1. Personalised Investment Options
PMS provides individualized investment solutions to meet the needs of a wide range of clients. Investors can choose from a variety of portfolios, including large-cap, mid-cap, multi-cap, and small-cap, among others, depending on their risk appetite. Similarly, some PMS provides conventional goods, while others provide custom investment alternatives according to the client’s needs.
PMS investment differs from mutual funds in that it allows you to own a significant portion of a firm. A portfolio manager creates investment strategies and trading timings based on the needs of a single investor and then implements them (depending on the type of PMS selected). The importance of PMS is from two major objectives i.e., investors who may wish to avail the services of a Portfolio Manager to manage direct holdings of equity or fixed income, or clients who are looking at specific thematic exposure which can be positioned as satellite strategies in their overall financial portfolios.
2. Robust Risk Management Plan
Portfolio Management Services isn’t just about doing market research and making timely recommendations. It also entails a well-thought-out risk management strategy in which portfolio managers keep a close eye on diversification and monitor market, interest rate, and inflation risks.

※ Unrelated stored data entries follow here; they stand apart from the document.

lemma deep_u_product_tree:
  assumes level1: "\<And>j \<gamma>. deep_u (\<lambda>z. z) (*) f \<theta> M r w X 1 j \<gamma> = F j"
    and select: "\<And>l j \<gamma> \<alpha>. 2 \<le> l \<Longrightarrow> w (l, j, \<gamma>, \<alpha>) = (if \<alpha> = 1 then 1 else 0)"
    and r: "\<And>l. l < L \<Longrightarrow> 1 \<le> r l"
  shows "1 \<le> l \<Longrightarrow> l \<le> L \<Longrightarrow> 1 \<le> j \<Longrightarrow>
    deep_u (\<lambda>z. z) (*) f \<theta> M r w X l j \<gamma> = (\<Prod>k\<in>{(j - 1) * 2^(l - 1)..<j * 2^(l - 1)}. F (Suc k))"
proof (induction l arbitrary: j \<gamma>)
  case (Suc l)
  show ?case
  proof (cases "l = 0")
    case True
    moreover have "{j - 1..<j} = {j - 1}"
      using Suc.prems(3) by auto
    ultimately show ?thesis
      using Suc.prems level1[unfolded One_nat_def, of j \<gamma>] by (simp del: deep_u.simps)
  next
    case False
    let ?u = "\<lambda>j. deep_u (\<lambda>z. z) (*) f \<theta> M r w X l j 1"
    let ?block = "\<lambda>a b. \<Prod>k\<in>{a * 2^(l - 1)..<b * 2^(l - 1)}. F (Suc k)"
    have "deep_u (\<lambda>z. z) (*) f \<theta> M r w X (Suc l) j \<gamma> = (\<Sum>\<alpha>=1..r l. w (Suc l, j, \<gamma>, \<alpha>) *
        (deep_u (\<lambda>z. z) (*) f \<theta> M r w X l (2*j - 1) \<alpha> * deep_u (\<lambda>z. z) (*) f \<theta> M r w X l (2*j) \<alpha>))"
      by (simp only: deep_u.simps(2))
    also have "\<dots> = (\<Sum>\<alpha>=1..r l. if \<alpha> = 1 then ?u (2*j - 1) * ?u (2*j) else 0)"
      using False by (intro sum.cong) (auto simp: select simp del: deep_u.simps)
    also have "\<dots> = ?u (2*j - 1) * ?u (2*j)"
      using r[of l] Suc.prems(2) by simp
    also have "\<dots> = ?block (2*j - 1 - 1) (2*j - 1) * ?block (2*j - 1) (2*j)"
      using Suc.IH[of "2*j - 1" 1] Suc.IH[of "2*j" 1] False Suc.prems by (simp del: deep_u.simps)
    also have "\<dots> = ?block (2*j - 1 - 1) (2*j)"
      by (intro prod.atLeastLessThan_concat mult_le_mono1) auto
    finally have "deep_u (\<lambda>z. z) (*) f \<theta> M r w X (Suc l) j \<gamma> = ?block (2*j - 1 - 1) (2*j)" .
    moreover have "(2*j - 1 - 1) * 2^(l - 1) = (j - 1) * 2^l" "2*j * 2^(l - 1) = j * 2^l"
      using False by (cases l; simp add: diff_mult_distrib)+
    ultimately show ?thesis
      by (simp only: diff_Suc_1)
  qed
qed simp
text \<open>Layer 0 sends the template point xs i to the i-th unit vector, layer 1 takes inner products
  of these one-hot vectors, and the higher layers multiply the first channels.\<close>

definition template_weights :: "nat \<Rightarrow> (nat \<Rightarrow> nat \<Rightarrow> real) \<Rightarrow> nat \<times> nat \<times> nat \<times> nat \<Rightarrow> real" where
  "template_weights R a = (\<lambda>(l, j, \<gamma>, \<alpha>). if l = 0 then (if \<gamma> \<le> R then a \<gamma> \<alpha> else 0)
      else if l = 1 then (if \<alpha> \<le> R then 1 else 0) else (if \<alpha> = 1 then 1 else 0))"

lemma deep_score_template:
  assumes L: "1 \<le> L" and r: "\<And>l. l < L \<Longrightarrow> 1 \<le> r l" and R: "R \<le> r 0"
    and bio: "\<forall>i\<in>{1..R}. \<forall>\<gamma>\<in>{1..R}. (\<Sum>d=1..M. a \<gamma> d * f (\<theta> d) (xs i)) = (if i = \<gamma> then 1 else 0)"
    and T: "\<And>i. T i \<in> {1..R}"
  shows "deep_score (\<lambda>z. z) (*) f \<theta> M r L (template_weights R a) y (xs \<circ> T)
    = (\<Prod>k<2^(L - 1). if T (2*k + 1) = T (2*k + 2) then 1 else 0)"
proof -
  have level1: "deep_u (\<lambda>z. z) (*) f \<theta> M r (template_weights R a) (xs \<circ> T) 1 j \<gamma>
      = (if T (2*j - 1) = T (2*j) then 1 else 0)" for j \<gamma>
    using bio T R by (rule deep_u_template_level1) (simp_all add: template_weights_def)
  have "deep_u (\<lambda>z. z) (*) f \<theta> M r (template_weights R a) (xs \<circ> T) L 1 y
      = (\<Prod>k\<in>{(1 - 1) * 2^(L - 1)..<1 * 2^(L - 1)}. if T (2 * Suc k - 1) = T (2 * Suc k) then 1 else 0)"
    by (rule deep_u_product_tree[OF level1 _ r]) (use L in \<open>auto simp: template_weights_def\<close>)
  then show ?thesis
    by (simp add: deep_score_eq_deep_u[OF L] lessThan_atLeast0 del: deep_u.simps)
qed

Because the investment market is characterized by continual swings, keeping track of or monitoring these factors can assist them in making the best investment decisions during bullish and bearish periods. Portfolio managers can also protect their investors’ investment by conducting regular market analyses. As a result, PMS suppliers can reduce risk and maximize returns in a variety of market conditions.
3. Superlative Returns
PMS investment is linked to ongoing customizations in response to changing circumstances. As a result, it outperforms other investment options such as mutual funds. To analyze the financial market and current developments, researchers collaborate with a portfolio manager. They also keep track of an investor’s portfolio in order to make informed (entry/exit) decisions and ensure returns in volatile markets.
4. SEBI Regulated
Portfolio Management Service is a flexible investment option that operates in a legally binding investor-fund management relationship. The Securities and Exchange Board of India (SEBI) has severe standards in place for PMS managers and Asset Management Companies (AMCs) in terms of experience and operating norms. As a result of the regulatory characteristics of PMS investment, it has become a safe refuge for investors.
Securities and Exchange Board of India (Sebi) recently came up with a set of proposals to make portfolio management services (PMS) more transparent, standardize the offerings and make them more investor-friendly. While some significant changes have been recommended, the committee has partially touched upon the fee structure, a problematic area for investors to understand.
Every investor is informed about every transaction in Portfolio Management Services. The cost structure for this investing option is likewise open. Because PMS investment is governed by law, portfolio managers are required to inform investors of all transactions and associated fees. Furthermore, investors receive a monthly statement that includes all of the facts, making it easy for them to keep track of their expenditures.
Sebi has done a great job of bringing transparency by following standardized NAV (Net Asset Value) based returns for all PMS. Also, the details of the sharing distribution fees are an extremely welcome step. As per the Sebi, the portfolio managers are required to invest funds of their clients in the securities listed and traded only on a recognized stock exchange, money market instruments, units of mutual funds, and other securities as specified by the board from time to time.
Besides, the portfolio managers have to invest in units of mutual funds through direct plans only and should not charge any distribution fees to the client. Further, the board has also barred the portfolio managers to not invest client’s funds in derivatives.